[REQUIREMENT]
Pull every line with "abelian" from the entries below.

[Dataset items]
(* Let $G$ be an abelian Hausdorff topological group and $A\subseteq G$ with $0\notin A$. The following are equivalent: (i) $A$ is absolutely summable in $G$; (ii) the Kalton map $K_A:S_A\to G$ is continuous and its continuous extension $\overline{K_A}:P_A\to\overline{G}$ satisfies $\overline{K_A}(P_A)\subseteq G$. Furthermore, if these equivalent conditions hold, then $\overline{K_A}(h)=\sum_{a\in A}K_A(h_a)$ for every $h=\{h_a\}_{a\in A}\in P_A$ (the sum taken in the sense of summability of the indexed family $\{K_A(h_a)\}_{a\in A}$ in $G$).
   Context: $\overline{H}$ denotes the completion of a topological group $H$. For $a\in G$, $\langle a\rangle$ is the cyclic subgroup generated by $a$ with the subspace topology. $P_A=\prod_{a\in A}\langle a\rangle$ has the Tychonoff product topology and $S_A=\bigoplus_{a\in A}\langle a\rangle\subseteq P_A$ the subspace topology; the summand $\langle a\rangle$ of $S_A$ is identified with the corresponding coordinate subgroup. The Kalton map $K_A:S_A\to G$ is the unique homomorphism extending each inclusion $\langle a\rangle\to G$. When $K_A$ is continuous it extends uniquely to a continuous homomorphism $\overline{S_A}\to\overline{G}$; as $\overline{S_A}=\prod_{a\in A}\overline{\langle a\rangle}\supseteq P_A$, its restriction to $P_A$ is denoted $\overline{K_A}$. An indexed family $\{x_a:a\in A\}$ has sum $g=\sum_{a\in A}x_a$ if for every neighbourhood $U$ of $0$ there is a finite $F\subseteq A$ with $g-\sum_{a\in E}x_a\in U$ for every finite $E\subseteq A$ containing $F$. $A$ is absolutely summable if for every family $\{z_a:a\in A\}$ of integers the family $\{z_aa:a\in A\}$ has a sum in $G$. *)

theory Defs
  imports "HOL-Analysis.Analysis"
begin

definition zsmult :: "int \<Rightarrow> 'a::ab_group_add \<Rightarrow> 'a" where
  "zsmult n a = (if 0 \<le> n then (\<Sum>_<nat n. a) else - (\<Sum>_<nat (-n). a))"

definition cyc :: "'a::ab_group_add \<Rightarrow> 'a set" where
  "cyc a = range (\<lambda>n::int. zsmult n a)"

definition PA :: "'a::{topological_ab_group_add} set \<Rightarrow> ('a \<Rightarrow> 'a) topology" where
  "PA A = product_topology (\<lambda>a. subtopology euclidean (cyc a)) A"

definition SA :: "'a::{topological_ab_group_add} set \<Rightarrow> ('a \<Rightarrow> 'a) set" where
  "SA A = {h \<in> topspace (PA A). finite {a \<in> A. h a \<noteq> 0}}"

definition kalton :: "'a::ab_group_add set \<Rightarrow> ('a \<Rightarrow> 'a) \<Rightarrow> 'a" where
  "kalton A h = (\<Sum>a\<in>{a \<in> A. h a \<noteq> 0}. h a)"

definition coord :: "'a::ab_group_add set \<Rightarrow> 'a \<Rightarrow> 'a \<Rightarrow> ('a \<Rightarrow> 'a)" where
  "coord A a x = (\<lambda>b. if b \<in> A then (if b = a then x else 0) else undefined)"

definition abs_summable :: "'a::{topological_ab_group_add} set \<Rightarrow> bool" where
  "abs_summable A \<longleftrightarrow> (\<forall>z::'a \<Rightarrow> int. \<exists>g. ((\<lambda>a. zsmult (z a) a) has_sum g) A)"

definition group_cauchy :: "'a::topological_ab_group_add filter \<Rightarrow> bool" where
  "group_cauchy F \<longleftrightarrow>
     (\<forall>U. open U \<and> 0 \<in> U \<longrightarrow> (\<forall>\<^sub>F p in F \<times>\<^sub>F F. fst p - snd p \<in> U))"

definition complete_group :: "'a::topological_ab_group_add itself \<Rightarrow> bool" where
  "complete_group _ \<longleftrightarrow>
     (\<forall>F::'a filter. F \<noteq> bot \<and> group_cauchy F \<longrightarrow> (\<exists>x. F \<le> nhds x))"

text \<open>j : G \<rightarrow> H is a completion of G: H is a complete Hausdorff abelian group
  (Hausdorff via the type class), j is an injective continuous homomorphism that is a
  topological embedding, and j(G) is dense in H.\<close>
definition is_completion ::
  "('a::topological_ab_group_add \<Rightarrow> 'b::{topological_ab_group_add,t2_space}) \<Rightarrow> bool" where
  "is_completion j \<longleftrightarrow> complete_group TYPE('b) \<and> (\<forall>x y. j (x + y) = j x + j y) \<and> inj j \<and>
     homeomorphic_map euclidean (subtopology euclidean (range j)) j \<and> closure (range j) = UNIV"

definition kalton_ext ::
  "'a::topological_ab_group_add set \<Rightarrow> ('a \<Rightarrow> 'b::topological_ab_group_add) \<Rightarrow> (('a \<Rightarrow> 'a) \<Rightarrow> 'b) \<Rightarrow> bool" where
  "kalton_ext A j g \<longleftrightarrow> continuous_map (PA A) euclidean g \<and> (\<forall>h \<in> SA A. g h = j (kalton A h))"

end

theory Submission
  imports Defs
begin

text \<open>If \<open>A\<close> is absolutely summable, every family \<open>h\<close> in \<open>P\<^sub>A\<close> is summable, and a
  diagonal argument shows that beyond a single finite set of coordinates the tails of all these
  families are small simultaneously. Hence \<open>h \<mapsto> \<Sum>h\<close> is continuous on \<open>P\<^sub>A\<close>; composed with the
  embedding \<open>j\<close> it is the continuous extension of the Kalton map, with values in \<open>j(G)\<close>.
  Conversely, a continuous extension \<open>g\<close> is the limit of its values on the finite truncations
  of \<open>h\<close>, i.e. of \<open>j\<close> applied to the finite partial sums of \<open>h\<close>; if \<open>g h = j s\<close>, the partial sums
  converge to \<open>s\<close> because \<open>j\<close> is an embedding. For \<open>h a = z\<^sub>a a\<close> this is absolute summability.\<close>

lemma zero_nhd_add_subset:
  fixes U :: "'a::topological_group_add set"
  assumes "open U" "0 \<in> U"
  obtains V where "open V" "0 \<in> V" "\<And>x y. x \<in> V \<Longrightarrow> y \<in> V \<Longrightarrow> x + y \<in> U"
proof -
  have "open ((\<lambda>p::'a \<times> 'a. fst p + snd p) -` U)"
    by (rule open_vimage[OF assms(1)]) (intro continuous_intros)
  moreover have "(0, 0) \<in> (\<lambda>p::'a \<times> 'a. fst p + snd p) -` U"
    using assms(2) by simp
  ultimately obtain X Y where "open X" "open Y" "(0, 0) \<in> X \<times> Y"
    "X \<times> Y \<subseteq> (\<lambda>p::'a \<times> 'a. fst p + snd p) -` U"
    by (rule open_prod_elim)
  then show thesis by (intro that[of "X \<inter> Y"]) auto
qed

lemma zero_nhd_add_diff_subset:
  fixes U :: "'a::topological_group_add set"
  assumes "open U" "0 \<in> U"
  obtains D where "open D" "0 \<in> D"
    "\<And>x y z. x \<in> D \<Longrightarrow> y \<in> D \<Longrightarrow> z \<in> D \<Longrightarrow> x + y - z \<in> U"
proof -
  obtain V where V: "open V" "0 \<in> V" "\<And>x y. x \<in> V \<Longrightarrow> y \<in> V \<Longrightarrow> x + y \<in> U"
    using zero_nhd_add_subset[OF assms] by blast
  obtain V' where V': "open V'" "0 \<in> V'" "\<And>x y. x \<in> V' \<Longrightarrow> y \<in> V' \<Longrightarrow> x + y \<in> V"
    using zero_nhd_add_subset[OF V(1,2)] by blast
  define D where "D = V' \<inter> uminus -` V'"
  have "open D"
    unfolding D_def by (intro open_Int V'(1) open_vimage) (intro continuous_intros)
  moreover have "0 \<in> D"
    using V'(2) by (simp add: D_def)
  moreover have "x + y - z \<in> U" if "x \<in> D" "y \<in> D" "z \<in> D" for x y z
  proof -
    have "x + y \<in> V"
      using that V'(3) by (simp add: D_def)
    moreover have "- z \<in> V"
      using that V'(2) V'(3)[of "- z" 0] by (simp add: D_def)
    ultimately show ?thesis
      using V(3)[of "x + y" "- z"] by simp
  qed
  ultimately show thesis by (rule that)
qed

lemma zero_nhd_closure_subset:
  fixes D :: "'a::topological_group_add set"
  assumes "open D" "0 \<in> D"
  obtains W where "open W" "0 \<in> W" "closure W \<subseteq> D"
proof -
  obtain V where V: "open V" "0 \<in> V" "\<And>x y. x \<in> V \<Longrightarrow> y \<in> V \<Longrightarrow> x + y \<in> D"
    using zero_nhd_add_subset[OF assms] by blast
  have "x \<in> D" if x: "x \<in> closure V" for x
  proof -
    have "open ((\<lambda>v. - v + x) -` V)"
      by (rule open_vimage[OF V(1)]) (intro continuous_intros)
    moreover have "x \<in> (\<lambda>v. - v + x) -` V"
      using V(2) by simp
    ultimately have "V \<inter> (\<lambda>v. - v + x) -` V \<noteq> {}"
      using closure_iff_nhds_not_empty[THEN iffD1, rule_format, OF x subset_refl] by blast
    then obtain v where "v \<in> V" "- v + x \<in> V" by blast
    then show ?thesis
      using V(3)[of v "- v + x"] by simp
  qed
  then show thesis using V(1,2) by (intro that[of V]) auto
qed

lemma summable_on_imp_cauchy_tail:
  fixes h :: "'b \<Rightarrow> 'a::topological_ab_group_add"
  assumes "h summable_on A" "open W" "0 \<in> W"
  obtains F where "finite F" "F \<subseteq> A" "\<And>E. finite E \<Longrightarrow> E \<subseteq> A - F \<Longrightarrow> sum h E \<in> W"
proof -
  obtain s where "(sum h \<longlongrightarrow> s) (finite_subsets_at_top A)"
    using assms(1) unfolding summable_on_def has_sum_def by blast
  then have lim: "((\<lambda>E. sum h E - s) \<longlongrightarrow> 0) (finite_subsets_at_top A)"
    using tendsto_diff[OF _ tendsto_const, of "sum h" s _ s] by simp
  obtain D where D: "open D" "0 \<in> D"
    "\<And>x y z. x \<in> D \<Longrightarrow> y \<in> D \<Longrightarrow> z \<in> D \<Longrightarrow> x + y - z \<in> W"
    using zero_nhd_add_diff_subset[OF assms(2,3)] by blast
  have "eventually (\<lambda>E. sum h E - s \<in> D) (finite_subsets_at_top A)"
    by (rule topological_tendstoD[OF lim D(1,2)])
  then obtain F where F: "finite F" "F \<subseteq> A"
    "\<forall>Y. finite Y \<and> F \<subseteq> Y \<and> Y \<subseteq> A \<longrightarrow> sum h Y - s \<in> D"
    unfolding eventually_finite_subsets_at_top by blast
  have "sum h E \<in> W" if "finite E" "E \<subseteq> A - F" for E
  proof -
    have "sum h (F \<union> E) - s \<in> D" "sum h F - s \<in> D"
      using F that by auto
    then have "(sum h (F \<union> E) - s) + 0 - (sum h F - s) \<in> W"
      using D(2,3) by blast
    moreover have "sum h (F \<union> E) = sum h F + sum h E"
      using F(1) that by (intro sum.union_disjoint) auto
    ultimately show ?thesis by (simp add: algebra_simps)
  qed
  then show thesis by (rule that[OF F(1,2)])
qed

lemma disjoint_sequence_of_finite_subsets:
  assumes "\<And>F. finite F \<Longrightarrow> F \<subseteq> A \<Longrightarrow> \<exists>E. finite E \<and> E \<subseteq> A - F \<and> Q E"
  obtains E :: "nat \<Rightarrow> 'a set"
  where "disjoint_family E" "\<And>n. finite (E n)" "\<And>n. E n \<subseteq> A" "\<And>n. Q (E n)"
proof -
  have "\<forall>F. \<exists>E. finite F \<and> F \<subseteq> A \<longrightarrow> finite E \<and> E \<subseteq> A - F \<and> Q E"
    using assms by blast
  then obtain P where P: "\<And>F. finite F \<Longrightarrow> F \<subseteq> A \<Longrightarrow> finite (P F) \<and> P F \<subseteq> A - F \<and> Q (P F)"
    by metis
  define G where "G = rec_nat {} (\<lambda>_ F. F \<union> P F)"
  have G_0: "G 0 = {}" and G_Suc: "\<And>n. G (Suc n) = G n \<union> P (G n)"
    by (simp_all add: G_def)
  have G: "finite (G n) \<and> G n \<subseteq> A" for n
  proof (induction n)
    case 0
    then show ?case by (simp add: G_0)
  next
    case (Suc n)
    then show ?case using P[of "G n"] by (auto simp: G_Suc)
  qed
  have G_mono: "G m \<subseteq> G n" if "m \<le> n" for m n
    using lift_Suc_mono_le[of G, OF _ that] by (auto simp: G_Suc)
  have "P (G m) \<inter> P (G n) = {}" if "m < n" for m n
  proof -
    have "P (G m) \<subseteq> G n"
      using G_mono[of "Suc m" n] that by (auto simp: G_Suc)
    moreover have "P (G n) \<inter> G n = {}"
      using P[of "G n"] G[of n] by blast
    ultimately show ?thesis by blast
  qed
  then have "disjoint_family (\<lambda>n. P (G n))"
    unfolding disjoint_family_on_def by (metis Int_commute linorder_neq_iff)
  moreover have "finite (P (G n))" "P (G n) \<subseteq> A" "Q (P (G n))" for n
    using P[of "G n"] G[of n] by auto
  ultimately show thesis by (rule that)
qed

[EXERCISE RESULT]
(* Let $G$ be an abelian Hausdorff topological group and $A\subseteq G$ with $0\notin A$. The following are equivalent: (i) $A$ is absolutely summable in $G$; (ii) the Kalton map $K_A:S_A\to G$ is continuous and its continuous extension $\overline{K_A}:P_A\to\overline{G}$ satisfies $\overline{K_A}(P_A)\subseteq G$. Furthermore, if these equivalent conditions hold, then $\overline{K_A}(h)=\sum_{a\in A}K_A(h_a)$ for every $h=\{h_a\}_{a\in A}\in P_A$ (the sum taken in the sense of summability of the indexed family $\{K_A(h_a)\}_{a\in A}$ in $G$).
text \<open>j : G \<rightarrow> H is a completion of G: H is a complete Hausdorff abelian group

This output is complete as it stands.